Stored data entries
(* Let $k,n\in\mathbb{N}$ with $2n\ge k$. For $i\in\mathbb{N}$ put $x_i=\frac{1+(-1)^{i}}{2}\cdot\frac{[(i-1)!!]^2}{i+1}$ (so $(x_1,x_2,x_3,x_4,x_5,x_6,\dots)=(0,\tfrac13,0,\tfrac95,0,\tfrac{225}{7},\dots)$). Then \[ \mathrm{B}_{2n,k}\bigl(x_1,x_2,\dots,x_{2n-k+1}\bigr)=(-1)^{n+k}\frac{(4n)!!}{(2n+k)!}\sum_{q=1}^{k}(-1)^{q}\binom{2n+k}{k-q}\,Q(q,2n;2). \]
   Context: Partial Bell polynomials: for $n\ge k\ge0$, \[ \mathrm{B}_{n,k}(x_1,\dots,x_{n-k+1})=\sum\frac{n!}{\prod_{i=1}^{n-k+1}\ell_i!}\prod_{i=1}^{n-k+1}\left(\frac{x_i}{i!}\right)^{\ell_i}, \] the sum over all $(\ell_1,\dots,\ell_{n-k+1})\in\mathbb{N}_0^{n-k+1}$ with $\sum_i i\ell_i=n$ and $\sum_i\ell_i=k$. Double factorials: $(2p)!!=2^p p!$, $(2p-1)!!=1\cdot3\cdots(2p-1)$, $0!!=(-1)!!=1$. $s(n,k)$ denotes the signed Stirling numbers of the first kind, defined by $\frac{[\ln(1+x)]^k}{k!}=\sum_{n=k}^\infty s(n,k)\frac{x^n}{n!}$ for $|x|<1$; equivalently $\prod_{j=0}^{n-1}(z-j)=\sum_{k=0}^n s(n,k)z^k$. For $m\in\mathbb{N}$, $k\in\mathbb{N}_0$ and $\alpha\in\mathbb{R}$ define \[ Q(m,k;\alpha)=\sum_{\ell=0}^{k}\binom{m+\ell-1}{m-1}\, s(m+k-1,m+\ell-1)\left(\frac{m+k-\alpha}{2}\right)^{\ell}, \] with the convention $0^0=1$. *)

theory Defs
  imports "HOL-Analysis.Analysis" "HOL-Combinatorics.Stirling"
begin

fun dfact :: "nat \<Rightarrow> nat" where
  "dfact 0 = 1"
| "dfact (Suc 0) = 1"
| "dfact (Suc (Suc n)) = Suc (Suc n) * dfact n"

definition stirling_s :: "nat \<Rightarrow> nat \<Rightarrow> int" where
  "stirling_s n k = (-1) ^ (n - k) * int (stirling n k)"

text \<open>Partial Bell polynomial B_{n,k}(x_1,...,x_{n-k+1}); the multi-indices
  (l_1,...,l_{n-k+1}) range over natural numbers (necessarily at most n).\<close>
definition bell_partial :: "nat \<Rightarrow> nat \<Rightarrow> (nat \<Rightarrow> real) \<Rightarrow> real" where
  "bell_partial n k x =
     (\<Sum>l \<in> {l \<in> PiE {1..n-k+1} (\<lambda>_. {..n}).
               (\<Sum>i=1..n-k+1. i * l i) = n \<and> (\<Sum>i=1..n-k+1. l i) = k}.
        fact n / (\<Prod>i=1..n-k+1. fact (l i))
        * (\<Prod>i=1..n-k+1. (x i / fact i) ^ (l i)))"

definition Qfun :: "nat \<Rightarrow> nat \<Rightarrow> real \<Rightarrow> real" where
  "Qfun m k \<alpha> =
     (\<Sum>l=0..k. real ((m + l - 1) choose (m - 1))
        * real_of_int (stirling_s (m + k - 1) (m + l - 1))
        * ((real (m + k) - \<alpha>) / 2) ^ l)"

end

theory Submission
  imports Defs "HOL-Computational_Algebra.Polynomial" "HOL-Computational_Algebra.Formal_Power_Series"
begin

(* The exponential generating function of the partial Bell polynomials is
   sum_N B_(N,k)(x) t^N / N! = (sum_i x_i t^i / i!)^k / k!, and for the given x_i the inner series
   is arcsin t / t - 1.  Hence B_(2n,k) = (2n)!/k! [t^(2n+k)] (arcsin t - t)^k, which the binomial
   theorem reduces to the coefficients [t^(2n+q)] arcsin^q t.  Since (1 - t^2) arcsin'' = t arcsin'
   and (1 - t^2) arcsin'^2 = 1, the powers of arcsin satisfy a second order differential equation,
   i.e. a two-term recursion for their coefficients.  Up to the factor (-4)^n, the coefficients of
   the polynomials prod_(j<M) (y + (M-1)/2 - j) obey the same recursion and initial values, and
   expanding these polynomials with Stirling numbers of the first kind yields Q(q, 2n; 2). *)

unbundle no vec_syntax
unbundle fps_syntax

section \<open>Partial Bell polynomials as coefficients of powers\<close>

definition weak_compositions :: "'a set \<Rightarrow> nat \<Rightarrow> ('a \<Rightarrow> nat) set" where
  "weak_compositions I k = {l \<in> PiE I (\<lambda>_. {..k}). sum l I = k}"

lemma finite_weak_compositions: "finite I \<Longrightarrow> finite (weak_compositions I k)"
  unfolding weak_compositions_def
  by (rule finite_subset[of _ "PiE I (\<lambda>_. {..k})"]) (auto intro: finite_PiE)

lemma bij_betw_weak_compositions_insert:
  assumes "finite I" "m \<notin> I"
  shows "bij_betw (\<lambda>(p, l). l(m := p)) (SIGMA p:{..k}. weak_compositions I (k - p))
           (weak_compositions (insert m I) k)"
proof (rule bij_betw_byWitness[where f' = "\<lambda>l. (l m, l(m := undefined))"])
  have sum_upd: "(\<Sum>i\<in>I. if i = m then p else l i) = sum l I" for l :: "'a \<Rightarrow> nat" and p
    using assms by (intro sum.cong) auto
  show "\<forall>b\<in>(SIGMA p:{..k}. weak_compositions I (k - p)).
          (\<lambda>l. (l m, l(m := undefined))) ((\<lambda>(p, l). l(m := p)) b) = b"
    using assms by (auto simp: weak_compositions_def PiE_def extensional_def fun_upd_idem)
  show "\<forall>l\<in>weak_compositions (insert m I) k. (\<lambda>(p, l). l(m := p)) (l m, l(m := undefined)) = l"
    by simp
  show "(\<lambda>(p, l). l(m := p)) ` (SIGMA p:{..k}. weak_compositions I (k - p))
          \<subseteq> weak_compositions (insert m I) k"
    using assms by (force simp: weak_compositions_def sum_upd PiE_def Pi_def extensional_def)
  have "l i \<le> sum l I" if "i \<in> I" for l :: "'a \<Rightarrow> nat" and i
    using that assms(1) by (intro member_le_sum) auto
  then show "(\<lambda>l. (l m, l(m := undefined))) ` weak_compositions (insert m I) k
               \<subseteq> (SIGMA p:{..k}. weak_compositions I (k - p))"
    using assms by (auto simp: weak_compositions_def sum_upd PiE_def Pi_def extensional_def)
qed

definition multinomial_coeff :: "'a set \<Rightarrow> ('a \<Rightarrow> nat) \<Rightarrow> nat" where
  "multinomial_coeff I l = fact (sum l I) div (\<Prod>i\<in>I. fact (l i))"

lemma prod_fact_dvd_fact_sum:
  "finite I \<Longrightarrow> (\<Prod>i\<in>I. fact (l i)) dvd (fact (sum l I) :: nat)"
proof (induction I rule: finite_induct)
  case (insert m I)
  then have "(\<Prod>i\<in>insert m I. fact (l i)) dvd fact (l m) * (fact (sum l I) :: nat)"
    by simp
  also have "\<dots> dvd fact (sum l (insert m I))"
    using insert.hyps by (simp add: fact_fact_dvd_fact)
  finally show ?case .
qed simp

lemma multinomial_coeff_insert:
  assumes "finite I" "m \<notin> I"
  shows "multinomial_coeff (insert m I) l = (sum l (insert m I) choose l m) * multinomial_coeff I l"
proof -
  obtain r :: nat where r: "fact (sum l I) = (\<Prod>i\<in>I. fact (l i)) * r"
    using prod_fact_dvd_fact_sum[OF assms(1), of l] unfolding dvd_def by blast
  have "fact (sum l (insert m I)) = (sum l (insert m I) choose l m) * fact (l m) * fact (sum l I)"
    using binomial_fact_lemma[of "l m" "l m + sum l I"] assms by (simp add: algebra_simps)
  then show ?thesis
    using assms by (simp add: multinomial_coeff_def r)
qed

lemma sum_power_multinomial:
  fixes a :: "'b \<Rightarrow> 'a :: comm_semiring_1"
  assumes "finite I"
  shows "(\<Sum>i\<in>I. a i) ^ k =
           (\<Sum>l\<in>weak_compositions I k. of_nat (multinomial_coeff I l) * (\<Prod>i\<in>I. a i ^ l i))"
  using assms
proof (induction I arbitrary: k rule: finite_induct)
  case empty
  then show ?case
    by (cases k) (auto simp: weak_compositions_def multinomial_coeff_def)
next
  case (insert m I)
  define G where "G l = of_nat (multinomial_coeff (insert m I) l) * (\<Prod>i\<in>insert m I. a i ^ l i)" for l
  have "(\<Sum>i\<in>insert m I. a i) ^ k = (\<Sum>p\<le>k. of_nat (k choose p) * a m ^ p * (\<Sum>i\<in>I. a i) ^ (k - p))"
    using insert.hyps by (simp add: binomial_ring add.commute)
  also have "\<dots> = (\<Sum>(p, l)\<in>(SIGMA p:{..k}. weak_compositions I (k - p)).
                    of_nat (k choose p) * a m ^ p * (of_nat (multinomial_coeff I l) * (\<Prod>i\<in>I. a i ^ l i)))"
    unfolding insert.IH sum_distrib_left
    by (subst sum.Sigma) (auto simp: finite_weak_compositions insert.hyps)
  also have "\<dots> = (\<Sum>(p, l)\<in>(SIGMA p:{..k}. weak_compositions I (k - p)). G (l(m := p)))"
  proof -
    have "i \<noteq> m" if "i \<in> I" for i
      using that insert.hyps by auto
    then have upd: "(\<Sum>i\<in>I. (l(m := p)) i) = sum l I"
        "(\<Prod>i\<in>I. fact ((l(m := p)) i) :: nat) = (\<Prod>i\<in>I. fact (l i))"
        "(\<Prod>i\<in>I. a i ^ (l(m := p)) i) = (\<Prod>i\<in>I. a i ^ l i)" for l :: "'b \<Rightarrow> nat" and p
      by (auto intro!: sum.cong prod.cong)
    have "multinomial_coeff (insert m I) (l(m := p)) = (k choose p) * multinomial_coeff I l"
      if "p \<le> k" "l \<in> weak_compositions I (k - p)" for p l
      using multinomial_coeff_insert[OF insert.hyps, of "l(m := p)"] insert.hyps that
      by (simp add: upd multinomial_coeff_def weak_compositions_def fun_upd_same del: fun_upd_apply)
    then have "G (l(m := p)) = of_nat (k choose p) * a m ^ p * (of_nat (multinomial_coeff I l) * (\<Prod>i\<in>I. a i ^ l i))"
      if "p \<le> k" "l \<in> weak_compositions I (k - p)" for p l
      using insert.hyps that by (simp add: G_def upd mult_ac fun_upd_same del: fun_upd_apply)
    then show ?thesis by (intro sum.cong) auto
  qed
  also have "\<dots> = sum G (weak_compositions (insert m I) k)"
    using sum.reindex_bij_betw[OF bij_betw_weak_compositions_insert[OF insert.hyps], of G]
    by (simp add: split_def)
  finally show ?case
    by (simp add: G_def)
qed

**WORK INSTRUCTION**
Throughout the data, tally the lines that hold the string "definition" and report the tally alone.

**EXPECTED ANSWER**
5